Bruteig’s bully pulpit.
Cary Bruteig, the go-to apartment authority for everyone in the multifamily business, book-ended the half-day multifamily conference last week that drew about 500 brokers, lenders, developers and others on the ground floor of the Front Range apartment market.
Bruteig not only provided a detailed analysis of where the Denver-area and Front Range multifamily is today, where it has been and where it appears to be going at the wide-ranging 2017 Fall Multifamily Development & Investment Conference & Expo sponsored by the Colorado Real Estate Journal.
It was the largest conference this year in Colorado focused on the multifamily market.
Bruteig, owner of Apartment Appraisers & Consultants, which publishes the data-rich Apartment Insights, helped kick off the conference by providing an overview of the multifamily market.
“I am going to give you cold, hard facts today,” Bruteig said, noting that more units are being built than being absorbed, which is the definition of overbuilding.
He said is “mission is the truth,” but joked if the statistics he presented were depressing “Jeff (Hawks) will cheer you up immediately after my presentation.”
Hawks, a vice chairman at ARA, a Newmark company, returned the favor by joking that he only uses “broker math” that isn’t tethered to the rigors of algebra like Bruteig is.
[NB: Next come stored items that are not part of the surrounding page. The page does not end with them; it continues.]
(* Consider the $T$-stage repeated Bayesian game $\Gamma_T(p,q)$ (setting below). Then $$V_T(p,q)=\max \sum_{l\in L} q^l u_{l,0}$$ where the maximum is over $x\in X_T(p)$, real numbers $u_{l,0}$ ($l\in L$), and real $|A|\times|B|$ matrices $u_{l,h^A,h^B}$ for $l\in L$, $s=1,\dots,T-1$, $h^A\in A^{s-1}$, $h^B\in B^{s-1}$ (with the convention $u_{l,h^A,h^B}=0$ for $h^A\in A^{T-1},h^B\in B^{T-1}$), subject to $$\sum_{k\in K}(M^{kl})^T x_{k,\emptyset,\emptyset}+(u_{l,\emptyset,\emptyset})^T\mathbf 1\ \ge\ u_{l,0}\mathbf 1\quad \forall l\in L,$$ $$\sum_{k\in K}(M^{kl})^T x_{k,(h^A,a),(h^B,b)}+(u_{l,(h^A,a),(h^B,b)})^T\mathbf 1\ \ge\ u^{a,b}_{l,h^A,h^B}\mathbf 1$$ for all $s=1,\dots,T-1$, $l\in L$, $h^A\in A^{s-1}$, $h^B\in B^{s-1}$, $a\in A$, $b\in B$. Moreover, if $x^*$ is the $x$-part of an optimal solution, then the behavior strategy $\sigma^*$ defined by $\sigma_t^{a*}(k,h^A,h^B)=x^{a*}_{k,h^A,h^B}/x^{a'*}_{k,h'^A,h'^B}$, where $h^A=(h'^A,a')$, $h^B=(h'^B,b')$ (and the denominator is $p^k$ when $t=1$), is a security strategy of player 1 in $\Gamma_T(p,q)$. Dually, $$V_T(p,q)=\min \sum_{k\in K} p^k w_{k,0}$$ over $y\in Y_T(q)$, reals $w_{k,0}$ ($k\in K$), and real $|A|\times|B|$ matrices $w_{k,h^A,h^B}$ for $k\in K$, $s=1,\dots,T-1$, $h^A\in A^{s-1}$, $h^B\in B^{s-1}$ (with $w_{k,h^A,h^B}=0$ for histories of length $T-1$), subject to $$\sum_{l\in L}M^{kl}y_{l,\emptyset,\emptyset}+w_{k,\emptyset,\emptyset}\mathbf 1\le w_{k,0}\mathbf 1\quad\forall k\in K,$$ $$\sum_{l\in L}M^{kl}y_{l,(h^A,a),(h^B,b)}+w_{k,(h^A,a),(h^B,b)}\mathbf 1\le w^{a,b}_{k,h^A,h^B}\mathbf 1$$ for all $s=1,\dots,T-1$, $k\in K$, $h^A\in A^{s-1}$, $h^B\in B^{s-1}$, $a\in A$, $b\in B$; and if $y^*$ is the $y$-part of an optimal solution, the behavior strategy $\tau^*$ with $\tau_t^{b*}(l,h^A,h^B)=y^{b*}_{l,h^A,h^B}/y^{b'*}_{l,h'^A,h'^B}$ (where $h^A=(h'^A,a')$, $h^B=(h'^B,b')$, denominator $q^l$ when $t=1$) is a security strategy of player 2 in $\Gamma_T(p,q)$.
   Context: A two-player zero-sum repeated Bayesian game is given by nonempty finite type sets $K$ (player 1) and $L$ (player 2), nonempty finite action sets $A$, $B$, a payoff function $M:K\times L\times A\times B\to\mathbb R$ (write $M^{kl}$ for the $|A|\times|B|$ matrix with entries $M^{kl}_{a,b}=M(k,l,a,b)$), and $p\in\Delta(K)$, $q\in\Delta(L)$ with all entries positive ($\Delta(S)$ = probability distributions on $S$, viewed as vectors; $\mathbf 1$ = all-ones vector). Types $k\sim p$, $l\sim q$ are drawn independently; player 1 privately learns $k$, player 2 privately learns $l$. At each stage $t$ both simultaneously choose $a_t\in A$, $b_t\in B$, which are publicly announced; $h_t^A=(a_1,\dots,a_{t-1})\in A^{t-1}$, $h_t^B=(b_1,\dots,b_{t-1})\in B^{t-1}$ (empty, written $\emptyset$, for $t=1$). A behavior strategy of player 1 is $\sigma=(\sigma_t)$ with $\sigma_t:K\times A^{t-1}\times B^{t-1}\to\Delta(A)$ ($\sigma_t^a$ = probability of $a$); of player 2, $\tau_t:L\times A^{t-1}\times B^{t-1}\to\Delta(B)$. In the $T$-stage game $\Gamma_T(p,q)$ the payoff to player 1 (maximizer; player 2 minimizes) is $\gamma_T(p,q,\sigma,\tau)=\mathbb E_{p,q,\sigma,\tau}[\sum_{t=1}^T M(k,l,a_t,b_t)]$; its value is $V_T(p,q)=\max_\sigma\min_\tau\gamma_T=\min_\tau\max_\sigma\gamma_T$. A security strategy of player 1 (resp. 2) is one attaining $\max_\sigma\min_\tau\gamma_T$ (resp. $\min_\tau\max_\sigma\gamma_T$). Realization plans: $X_T(p)$ is the set of families $x=(x_{k,h^A,h^B})$, $k\in K$, $t=1,\dots,T$, $h^A\in A^{t-1}$, $h^B\in B^{t-1}$, with $x_{k,h^A,h^B}\in\mathbb R^{|A|}$ (entries $x^a_{k,h^A,h^B}$), such that $x\ge 0$, $\mathbf 1^Tx_{k,\emptyset,\emptyset}=p^k$ and $\mathbf 1^Tx_{k,(h^A,a),(h^B,b)}=x^a_{k,h^A,h^B}$ for all $t\le T-1$, $h^A\in A^{t-1},h^B\in B^{t-1}$, $a\in A$, $b\in B$ ($(h,a)$ = concatenation). The realization plan of $\sigma$ is $x^{a_t}_{k,h_t^A,h_t^B}=p^k\prod_{s=1}^t\sigma_s^{a_s}(k,h_s^A,h_s^B)$, with $h_s^A,h_s^B$ the prefixes of $h_t^A,h_t^B$. $Y_T(q)$ is defined symmetrically with $L$, $B$, $q$, vectors $y_{l,h^A,h^B}\in\mathbb R^{|B|}$ and constraints $\mathbf 1^Ty_{l,\emptyset,\emptyset}=q^l$, $\mathbf 1^Ty_{l,(h^A,a),(h^B,b)}=y^b_{l,h^A,h^B}$, $y\ge0$. *)

theory Defs
  imports Complex_Main
begin

text \<open>Repeated zero-sum Bayesian game with types 'k (player 1), 'l (player 2) and actions
 'a (player 1), 'b (player 2), all finite (and nonempty, as every HOL type).
 Histories h^A, h^B are lists of actions; at stage t they have length t - 1.
 A behaviour strategy of player 1 is sigma t k hA hB a (probability of a at stage t).\<close>

definition is_distr :: "('x::finite \<Rightarrow> real) \<Rightarrow> bool" where
  "is_distr p \<longleftrightarrow> (\<forall>x. p x \<ge> 0) \<and> sum p UNIV = 1"

definition behav1 :: "nat \<Rightarrow> (nat \<Rightarrow> 'k \<Rightarrow> 'a list \<Rightarrow> 'b list \<Rightarrow> 'a::finite \<Rightarrow> real) set" where
  "behav1 T = {\<sigma>. \<forall>t\<in>{1..T}. \<forall>k hA hB. length hA = t - 1 \<and> length hB = t - 1
       \<longrightarrow> is_distr (\<sigma> t k hA hB)}"

definition behav2 :: "nat \<Rightarrow> (nat \<Rightarrow> 'l \<Rightarrow> 'a list \<Rightarrow> 'b list \<Rightarrow> 'b::finite \<Rightarrow> real) set" where
  "behav2 T = {\<tau>. \<forall>t\<in>{1..T}. \<forall>l hA hB. length hA = t - 1 \<and> length hB = t - 1
       \<longrightarrow> is_distr (\<tau> t l hA hB)}"

definition gamma ::
  "nat \<Rightarrow> ('k::finite \<Rightarrow> real) \<Rightarrow> ('l::finite \<Rightarrow> real) \<Rightarrow> ('k \<Rightarrow> 'l \<Rightarrow> 'a::finite \<Rightarrow> 'b::finite \<Rightarrow> real)
   \<Rightarrow> (nat \<Rightarrow> 'k \<Rightarrow> 'a list \<Rightarrow> 'b list \<Rightarrow> 'a \<Rightarrow> real)
   \<Rightarrow> (nat \<Rightarrow> 'l \<Rightarrow> 'a list \<Rightarrow> 'b list \<Rightarrow> 'b \<Rightarrow> real) \<Rightarrow> real" where
  "gamma T p q M \<sigma> \<tau> =
    (\<Sum>k\<in>UNIV. \<Sum>l\<in>UNIV. \<Sum>hA\<in>{h. length h = T}. \<Sum>hB\<in>{h. length h = T}.
       p k * q l *
       (\<Prod>s<T. \<sigma> (Suc s) k (take s hA) (take s hB) (hA ! s)
               * \<tau> (Suc s) l (take s hA) (take s hB) (hB ! s)) *
       (\<Sum>s<T. M k l (hA ! s) (hB ! s)))"

definition val_maxmin where
  "val_maxmin T p q M = (SUP \<sigma>\<in>behav1 T. INF \<tau>\<in>behav2 T. gamma T p q M \<sigma> \<tau>)"

definition val_minmax where
  "val_minmax T p q M = (INF \<tau>\<in>behav2 T. SUP \<sigma>\<in>behav1 T. gamma T p q M \<sigma> \<tau>)"

definition security1 where
  "security1 T p q M \<sigma> \<longleftrightarrow> \<sigma> \<in> behav1 T \<and>
     (INF \<tau>\<in>behav2 T. gamma T p q M \<sigma> \<tau>) = val_maxmin T p q M"

definition security2 where
  "security2 T p q M \<tau> \<longleftrightarrow> \<tau> \<in> behav2 T \<and>
     (SUP \<sigma>\<in>behav1 T. gamma T p q M \<sigma> \<tau>) = val_minmax T p q M"

definition realX :: "nat \<Rightarrow> ('k \<Rightarrow> real) \<Rightarrow> ('k \<Rightarrow> 'a list \<Rightarrow> 'b list \<Rightarrow> 'a::finite \<Rightarrow> real) \<Rightarrow> bool" where
  "realX T p x \<longleftrightarrow>
     (\<forall>k hA hB a. length hA = length hB \<and> length hA < T \<longrightarrow> x k hA hB a \<ge> 0) \<and>
     (\<forall>k. sum (x k [] []) UNIV = p k) \<and>
     (\<forall>k hA hB a b. length hA = length hB \<and> length hA + 1 < T \<longrightarrow>
        sum (x k (hA @ [a]) (hB @ [b])) UNIV = x k hA hB a)"

definition realY :: "nat \<Rightarrow> ('l \<Rightarrow> real) \<Rightarrow> ('l \<Rightarrow> 'a list \<Rightarrow> 'b list \<Rightarrow> 'b::finite \<Rightarrow> real) \<Rightarrow> bool" where
  "realY T q y \<longleftrightarrow>
     (\<forall>l hA hB b. length hA = length hB \<and> length hA < T \<longrightarrow> y l hA hB b \<ge> 0) \<and>
     (\<forall>l. sum (y l [] []) UNIV = q l) \<and>
     (\<forall>l hA hB a b. length hA = length hB \<and> length hA + 1 < T \<longrightarrow>
        sum (y l (hA @ [a]) (hB @ [b])) UNIV = y l hA hB b)"

definition conv0 :: "nat \<Rightarrow> ('i \<Rightarrow> 'a list \<Rightarrow> 'b list \<Rightarrow> 'a \<Rightarrow> 'b \<Rightarrow> real)
   \<Rightarrow> 'i \<Rightarrow> 'a list \<Rightarrow> 'b list \<Rightarrow> 'a \<Rightarrow> 'b \<Rightarrow> real" where
  "conv0 T u i hA hB = (if length hA = T - 1 then (\<lambda>a b. 0) else u i hA hB)"

definition lp1_feasible ::
  "nat \<Rightarrow> ('k::finite \<Rightarrow> real) \<Rightarrow> ('k \<Rightarrow> 'l \<Rightarrow> 'a::finite \<Rightarrow> 'b::finite \<Rightarrow> real)
   \<Rightarrow> ('k \<Rightarrow> 'a list \<Rightarrow> 'b list \<Rightarrow> 'a \<Rightarrow> real) \<Rightarrow> ('l \<Rightarrow> real)
   \<Rightarrow> ('l \<Rightarrow> 'a list \<Rightarrow> 'b list \<Rightarrow> 'a \<Rightarrow> 'b \<Rightarrow> real) \<Rightarrow> bool" where
  "lp1_feasible T p M x u0 u \<longleftrightarrow> realX T p x \<and>
     (\<forall>l b'. (\<Sum>k\<in>UNIV. \<Sum>a'\<in>UNIV. M k l a' b' * x k [] [] a')
              + (\<Sum>a'\<in>UNIV. conv0 T u l [] [] a' b') \<ge> u0 l) \<and>
     (\<forall>l hA hB a b b'. length hA = length hB \<and> length hA + 1 < T \<longrightarrow>
        (\<Sum>k\<in>UNIV. \<Sum>a'\<in>UNIV. M k l a' b' * x k (hA @ [a]) (hB @ [b]) a')
        + (\<Sum>a'\<in>UNIV. conv0 T u l (hA @ [a]) (hB @ [b]) a' b') \<ge> conv0 T u l hA hB a b)"

definition lp1_obj :: "('l::finite \<Rightarrow> real) \<Rightarrow> ('l \<Rightarrow> real) \<Rightarrow> real" where
  "lp1_obj q u0 = (\<Sum>l\<in>UNIV. q l * u0 l)"

definition lp2_feasible ::
  "nat \<Rightarrow> ('l::finite \<Rightarrow> real) \<Rightarrow> ('k::finite \<Rightarrow> 'l \<Rightarrow> 'a::finite \<Rightarrow> 'b::finite \<Rightarrow> real)
   \<Rightarrow> ('l \<Rightarrow> 'a list \<Rightarrow> 'b list \<Rightarrow> 'b \<Rightarrow> real) \<Rightarrow> ('k \<Rightarrow> real)
   \<Rightarrow> ('k \<Rightarrow> 'a list \<Rightarrow> 'b list \<Rightarrow> 'a \<Rightarrow> 'b \<Rightarrow> real) \<Rightarrow> bool" where
  "lp2_feasible T q M y w0 w \<longleftrightarrow> realY T q y \<and>
     (\<forall>k a'. (\<Sum>l\<in>UNIV. \<Sum>b'\<in>UNIV. M k l a' b' * y l [] [] b')
              + (\<Sum>b'\<in>UNIV. conv0 T w k [] [] a' b') \<le> w0 k) \<and>
     (\<forall>k hA hB a b a'. length hA = length hB \<and> length hA + 1 < T \<longrightarrow>
        (\<Sum>l\<in>UNIV. \<Sum>b'\<in>UNIV. M k l a' b' * y l (hA @ [a]) (hB @ [b]) b')
        + (\<Sum>b'\<in>UNIV. conv0 T w k (hA @ [a]) (hB @ [b]) a' b') \<le> conv0 T w k hA hB a b)"

definition lp2_obj :: "('k::finite \<Rightarrow> real) \<Rightarrow> ('k \<Rightarrow> real) \<Rightarrow> real" where
  "lp2_obj p w0 = (\<Sum>k\<in>UNIV. p k * w0 k)"

text \<open>A behaviour strategy induced by a realization plan x: sigma_t^a(k,hA,hB) =
 x^a_{k,hA,hB} / x^{a'}_{k,h'A,h'B} (denominator p^k at t = 1), required wherever the
 denominator is nonzero (elsewhere the ratio is undefined and sigma is arbitrary).\<close>
definition induced1 where
  "induced1 T p x \<sigma> \<longleftrightarrow>
     (\<forall>k a. \<sigma> 1 k [] [] a = x k [] [] a / p k) \<and>
     (\<forall>k hA hB a' b' a. length hA = length hB \<and> length hA + 1 < T \<and> x k hA hB a' \<noteq> 0 \<longrightarrow>
        \<sigma> (length hA + 2) k (hA @ [a']) (hB @ [b']) a = x k (hA @ [a']) (hB @ [b']) a / x k hA hB a')"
He also quipped that he slept through part of Bruteig’s conference.
The reality is that many people in the audience and on the panels held on to the litany of facts and statistics presented by Bruteig, who prefers to let the numbers do the talking than color his commentary with doom and gloom or only blue-skies ahead pronouncements.
As a testament to his impact, almost every subsequent panel alluded to something Bruteig said. That was the case whether the panel was on lending, investing on behalf of private clients, or institutional investing.
Bruteig also moderated the last panel of the day. The panel members have developed tens of billions of dollars of multifamily communities in the Denver area.
Early in his talk, Bruteig looked at a Wall Street Journal article published on Oct. 12 that focused on how overbuilding of luxury apartment units has led to increased concessions by developers and property managers in downtown Denver and surrounding neighbors.
He noted the irony with tens of thousands of new apartments recently built or underway, the Wall Street Journal used a photo of a condo project to illustrate the article.
“I read through the article and noticed how light it was on statistics,” Bruteig said. “It quoted a couple of leasing agents and had quotes from experts I have never heard of before.”